- Born: December 15, 1842 Pottersville, Pennsylvania
- Died: September 8, 1907 (aged 64) Cottage City, Prince George's County, Maryland
- Branch: United States Army
- Rank: Brigadier General
- Commands: Chief of Artillery

= Samuel Meyers Mills Jr. =

United States Army general

Brigadier General Samuel Myers Mills Jr., (born December 15, 1842, in Pottersville, Pennsylvania, and died September 8, 1907, in Cottage City, Prince George's County, Maryland) served as the United States Army's chief of artillery from 1905 to 1906. He was the great-grandson of William Mills, a soldier in the American Revolution who enlisted in January 1776 and served seven years in Captain Caleb North's Company under Colonel Anthony Wayne. He was Chief of Artillery from 20 June 1905 until 2 October 1906.

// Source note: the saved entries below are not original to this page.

(* For every integer $r\ge2$, $$\log\mathcal C_r\left(\frac14\right)=\left(\frac14\right)^{r-1}\left(-\frac12\log2+(r-1)\sum_{n=1}^\infty\frac{\lambda(2n)}{n(2n+r-1)2^{2n}}\right).$$
   Context: For an integer $r\ge2$ let $P_r(y)=(1-y)\exp\left(y+\frac{y^2}{2}+\cdots+\frac{y^r}{r}\right)$. The multiple cosine function of Kurokawa–Koyama of order $r\ge2$ is $\mathcal C_r(x)=\prod_{n\ge1,\ n\text{ odd}}\left\{P_r\left(\frac{x}{n/2}\right)P_r\left(-\frac{x}{n/2}\right)^{(-1)^{r-1}}\right\}^{(n/2)^{r-1}}$, interpreted as $\mathcal C_r(x)=\exp\Big(\sum_{n\ge1,\,n\text{ odd}}(n/2)^{r-1}\big[\operatorname{Log}P_r(2x/n)+(-1)^{r-1}\operatorname{Log}P_r(-2x/n)\big]\Big)$, where $\operatorname{Log}P_r(y):=\operatorname{Log}(1-y)+y+\frac{y^2}{2}+\cdots+\frac{y^r}{r}$ with $\operatorname{Log}$ the principal branch. The series converges and defines a holomorphic function on $D=\mathbb C\setminus\big((-\infty,-\tfrac12]\cup[\tfrac12,\infty)\big)$, positive on $(-\tfrac12,\tfrac12)$; $\log\mathcal C_r(x)$ denotes the exponent above (the real logarithm for real $|x|<\tfrac12$). $\lambda(s)=\sum_{n=0}^\infty\frac1{(2n+1)^s}$. *)

theory Defs
  imports "HOL-Analysis.Analysis"
begin

definition LogP :: "nat \<Rightarrow> complex \<Rightarrow> complex" where
  "LogP r y = Ln (1 - y) + (\<Sum>k=1..r. y ^ k / of_nat k)"

definition logC :: "nat \<Rightarrow> complex \<Rightarrow> complex" where
  "logC r x = (\<Sum>m. let n = of_nat (2 * m + 1) :: complex in
       (n / 2) ^ (r - 1) * (LogP r (2 * x / n) + (-1) ^ (r - 1) * LogP r (- 2 * x / n)))"

definition dlambda :: "real \<Rightarrow> real" where
  "dlambda s = (\<Sum>n. 1 / (real (2 * n + 1)) powr s)"

end

theory Submission
  imports Defs
begin

text \<open>
  At \<open>x = 1/4\<close> the \<open>n\<close>-th factor has argument \<open>a = 1/(2n)\<close>, and
  \<open>(n/2)^(r-1) = (1/4)^(r-1) a^(1-r)\<close>. Expanding both logarithms in power series,
  the terms up to degree \<open>r\<close> cancel and the odd-degree terms of the tails cancel in the
  symmetrized combination, which leaves \<open>-2 \<Sum>\<^sub>j a^(2j+2)/(2j+r+1)\<close>. Splitting
  off \<open>ln (1 - a\<^sup>2) = - \<Sum>\<^sub>j a^(2j+2)/(j+1)\<close> leaves the nonnegative terms
  \<open>(r-1) a^(2j+2)/((j+1)(2j+r+1))\<close>; summing these over odd \<open>n\<close> first produces
  \<open>\<lambda>(2j+2)\<close>, and the sum of \<open>ln (1 - 1/(4n\<^sup>2))\<close> over odd \<open>n\<close> is
  \<open>ln (1/\<surd>2)\<close> by the product formula for \<open>cos (\<pi>/4) = sin (\<pi>/2) / (2 sin (\<pi>/4))\<close>.
\<close>

definition LogPr :: "nat \<Rightarrow> real \<Rightarrow> real" where
  "LogPr r y = ln (1 - y) + (\<Sum>k=1..r. y ^ k / real k)"

definition LogPr_sym :: "nat \<Rightarrow> real \<Rightarrow> real" where
  "LogPr_sym r a = (1/a) ^ (r-1) * (LogPr r a + (-1) ^ (r-1) * LogPr r (-a))"

lemma LogP_of_real:
  assumes "y < 1"
  shows "LogP r (complex_of_real y) = complex_of_real (LogPr r y)"
proof -
  have "Ln (1 - complex_of_real y) = complex_of_real (ln (1 - y))"
    using Ln_of_real[of "1 - y"] assms by simp
  then show ?thesis unfolding LogP_def LogPr_def by simp
qed

lemma LogPr_sums:
  assumes "\<bar>y\<bar> < 1"
  shows "(\<lambda>i. - (y ^ (i + Suc r)) / real (i + Suc r)) sums LogPr r y"
proof -
  have "(\<lambda>n. - ((-(-y))^n) / of_nat n) sums ln (1 + -y)"
    by (rule ln_series') (simp add: assms)
  then have ln_sums: "(\<lambda>n. - (y^n) / real n) sums ln (1 - y)" by simp
  have "{..<Suc r} = insert 0 {1..r}" by auto
  then have head: "(\<Sum>i<Suc r. - (y^i) / real i) = - (\<Sum>k=1..r. y ^ k / real k)"
    by (simp add: sum_negf)
  have "(\<lambda>n. - (y^n) / real n) sums (LogPr r y + (\<Sum>i<Suc r. - (y^i) / real i))"
    unfolding head LogPr_def using ln_sums by simp
  from sums_iff_shift[THEN iffD2, OF this] show ?thesis by simp
qed

lemma LogPr_sym_tail_term:
  assumes "a \<noteq> 0" "r \<ge> 2"
  shows "(1/a)^(r-1) * (- (a ^ (i + Suc r)) / real (i + Suc r) +
           (-1)^(r-1) * (- ((-a) ^ (i + Suc r)) / real (i + Suc r)))
         = (if even i then -2 * a^(i+2) / real (i + r + 1) else 0)"
proof -
  obtain q where q: "r = Suc q" using assms by (cases r) auto
  have sign: "(-1::real)^q * (-1)^(i + Suc r) = (-1)^i"
  proof -
    have "q + (i + Suc r) = i + 2*(q+1)" using q by simp
    then have "(-1::real)^q * (-1)^(i + Suc r) = (-1)^(i + 2*(q+1))"
      by (simp only: flip: power_add)
    also have "\<dots> = (-1)^i" by (simp only: power_add power_mult) simp
    finally show ?thesis .
  qed
  have scale: "(1/a)^q * a ^ (i + Suc r) = a^(i+2)"
    using q assms by (simp add: power_add field_simps)
  have "(1/a)^(r-1) * (- (a ^ (i + Suc r)) / real (i + Suc r) +
          (-1)^(r-1) * (- ((-a) ^ (i + Suc r)) / real (i + Suc r)))
        = - ((1/a)^q * a ^ (i + Suc r)) * (1 + (-1)^q * (-1)^(i + Suc r)) / real (i + Suc r)"
  proof -
    have factor: "\<And>c x y s d :: real. d > 0 \<Longrightarrow> c * (-x/d + s * (-(y*x)/d)) = -(c*x) * (1 + s*y) / d"
      by (simp add: field_simps)
    have "r - 1 = q" "(-a) ^ (i + Suc r) = (-1)^(i + Suc r) * a ^ (i + Suc r)"
      using q by (simp_all add: power_minus')
    then show ?thesis by (simp only:) (rule factor, simp)
  qed
  also have "\<dots> = - (a^(i+2)) * (1 + (-1)^i) / real (i + r + 1)"
    unfolding sign scale by simp
  finally show ?thesis by auto
qed

lemma LogPr_sym_sums:
  assumes "a \<noteq> 0" "\<bar>a\<bar> < 1" "r \<ge> 2"
  shows "(\<lambda>j. -2 * a^(2*j+2) / real (2*j + r + 1)) sums LogPr_sym r a"
proof -
  define f where "f i = (if even i then -2 * a^(i+2) / real (i + r + 1) else 0)" for i
  have "(\<lambda>i. (1/a)^(r-1) * (- (a ^ (i + Suc r)) / real (i + Suc r) +
          (-1)^(r-1) * (- ((-a) ^ (i + Suc r)) / real (i + Suc r)))) sums LogPr_sym r a"
    unfolding LogPr_sym_def using assms by (intro sums_mult sums_add LogPr_sums) auto
  then have "f sums LogPr_sym r a"
    unfolding f_def using LogPr_sym_tail_term[OF assms(1,3)] by simp
  moreover have "f n = 0" if "n \<notin> range (\<lambda>j::nat. 2 * j)" for n
    using that unfolding f_def by (auto elim!: evenE)
  moreover have "strict_mono (\<lambda>j::nat. 2 * j)" by (simp add: strict_mono_def)
  ultimately have "(\<lambda>j. f (2*j)) sums LogPr_sym r a"
    by (subst sums_mono_reindex) auto
  then show ?thesis unfolding f_def by simp
qed

lemma ln_one_minus_square_sums:
  fixes a :: real
  assumes "\<bar>a\<bar> < 1"
  shows "(\<lambda>j. - (a^(2*j+2)) / real (j+1)) sums ln (1 - a^2)"
proof -
  have "(\<lambda>n. - ((-(-(a^2)))^n) / of_nat n) sums ln (1 + -(a^2))"
    by (rule ln_series') (use assms in \<open>simp add: abs_square_less_1\<close>)
  then have "(\<lambda>n. - ((a^2)^Suc n) / real (Suc n)) sums ln (1 - a^2)"
    by (subst sums_Suc_iff) simp
  moreover have "(a^2)^(Suc n) = a^(2*n+2)" for n
    by (metis add.commute power_Suc2 power_add power_mult)
  ultimately show ?thesis by simp
qed

lemma LogPr_sym_minus_ln_sums:
  assumes "a \<noteq> 0" "\<bar>a\<bar> < 1" "r \<ge> 2"
  shows "(\<lambda>j. real (r-1) * a^(2*j+2) / (real (j+1) * real (2*j+r+1))) sums
           (LogPr_sym r a - ln (1 - a^2))"
proof -
  have "(\<lambda>j. -2 * a^(2*j+2) / real (2*j + r + 1) - - (a^(2*j+2)) / real (j+1)) sums
          (LogPr_sym r a - ln (1 - a^2))"
    using assms by (intro sums_diff LogPr_sym_sums ln_one_minus_square_sums)
  moreover have "-2 * a^(2*j+2) / real (2*j + r + 1) - - (a^(2*j+2)) / real (j+1) =
                 real (r-1) * a^(2*j+2) / (real (j+1) * real (2*j+r+1))" for j
  proof -
    have partial_fractions: "\<And>d e c b :: real. d > 0 \<Longrightarrow> e > 0 \<Longrightarrow> e = 2*d + c \<Longrightarrow>
        -2*b/e - -b/d = c*b/(d*e)"
      by (simp add: field_simps)
    have "real (2*j+r+1) = 2 * real (j+1) + real (r-1)" using assms by simp
    from partial_fractions[OF _ _ this, of "a^(2*j+2)"] show ?thesis by (simp add: mult_ac)
  qed
  ultimately show ?thesis by simp
qed

lemma prod_one_minus_inverse_odd_square_LIMSEQ:
  "(\<lambda>N. \<Prod>m<N. 1 - (1 / (2 * real (2*m+1)))^2) \<longlonglongrightarrow> 1 / sqrt 2"
proof -
  define Q where "Q x n = (\<Prod>k=1..n. 1 - x^2 / real k^2)" for x :: real and n
  define P where "P N = (\<Prod>m<N. 1 - (1 / (2 * real (2*m+1)))^2)" for N
  have Q_sin: "Q x \<longlonglongrightarrow> sin (pi * x) / (pi * x)" if "x \<noteq> 0" for x
    unfolding Q_def using that by (rule sin_product_formula_real')
  \<comment> \<open>The odd \<open>k\<close> give the factors of \<open>P\<close>, the even \<open>k = 2k'\<close> those of \<open>Q (1/4)\<close>.\<close>
  have split: "Q (1/2) (2*N) = P N * Q (1/4) N" for N
  proof (induction N)
    case 0
    then show ?case by (simp add: Q_def P_def)
  next
    case (Suc N)
    have "(1/2)^2 / real (Suc (2*N))^2 = (1 / (2 * real (2*N+1)))^2"
         "(1/2::real)^2 / real (Suc (Suc (2*N)))^2 = (1/4)^2 / real (Suc N)^2"
      by (simp_all add: field_simps power2_eq_square)
    with Suc show ?case
      unfolding Q_def P_def by (simp add: prod.nat_ivl_Suc' mult_ac)
  qed
  have Q_pos: "Q (1/4) N > 0" for N
  proof -
    have "(1/4)^2 / real k^2 < (1::real)" if "k \<ge> 1" for k
    proof -
      have "real k ^ 2 \<ge> 1" using that by simp
      then show ?thesis by (simp add: divide_simps)
    qed
    then show ?thesis unfolding Q_def by (intro prod_pos) auto
  qed
  have "(\<lambda>N. Q (1/2) (2*N)) \<longlonglongrightarrow> 2/pi"
    using LIMSEQ_subseq_LIMSEQ[OF Q_sin[of "1/2"], of "\<lambda>N. 2 * N"]
    by (simp add: strict_mono_def comp_def)
  moreover have "Q (1/4) \<longlonglongrightarrow> (sqrt 2 / 2) / (pi / 4)"
    using Q_sin[of "1/4"] sin_45 by (simp add: field_simps)
  ultimately have "(\<lambda>N. Q (1/2) (2*N) / Q (1/4) N) \<longlonglongrightarrow> (2/pi) / ((sqrt 2 / 2) / (pi / 4))"
    by (intro tendsto_divide) simp_all
  moreover have "(2/pi) / ((sqrt 2 / 2) / (pi / 4)) = 1 / sqrt 2"
    by (simp add: field_simps)
  moreover have "Q (1/2) (2*N) / Q (1/4) N = P N" for N
    using split[of N] Q_pos[of N] by simp
  ultimately show ?thesis unfolding P_def by simp
qed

The fortification on Corregidor Island, the Philippines, was designated a United States Military Reservation in 1907 and named Fort Mills in Brigadier General Mills's honor. Fort Mills, nicknamed "The Rock", was twice the site of heavy fighting during World War II, initially as the site of the Allies' last defense of the Philippines on May 2, 1942, after their defeat at Bataan, and subsequently during the Allied liberation of the Philippines under Gen. Douglas MacArthur in February 1945.

In Mills's honor, the USAMP General Samuel M. Mills, a U.S. Army mine planter ship, was built in 1908–09 by the New York Shipbuilding Company of Camden, New Jersey, for the Submarine Mine Service of the United States Army Coast Artillery Corps, a division of the United States Army, Office of the Quartermaster General. After being retrofitted as a cable ship, she was renamed the USCGC Pequot and during World War II laid cable along the eastern seaboard of the United States, bolstering US defenses.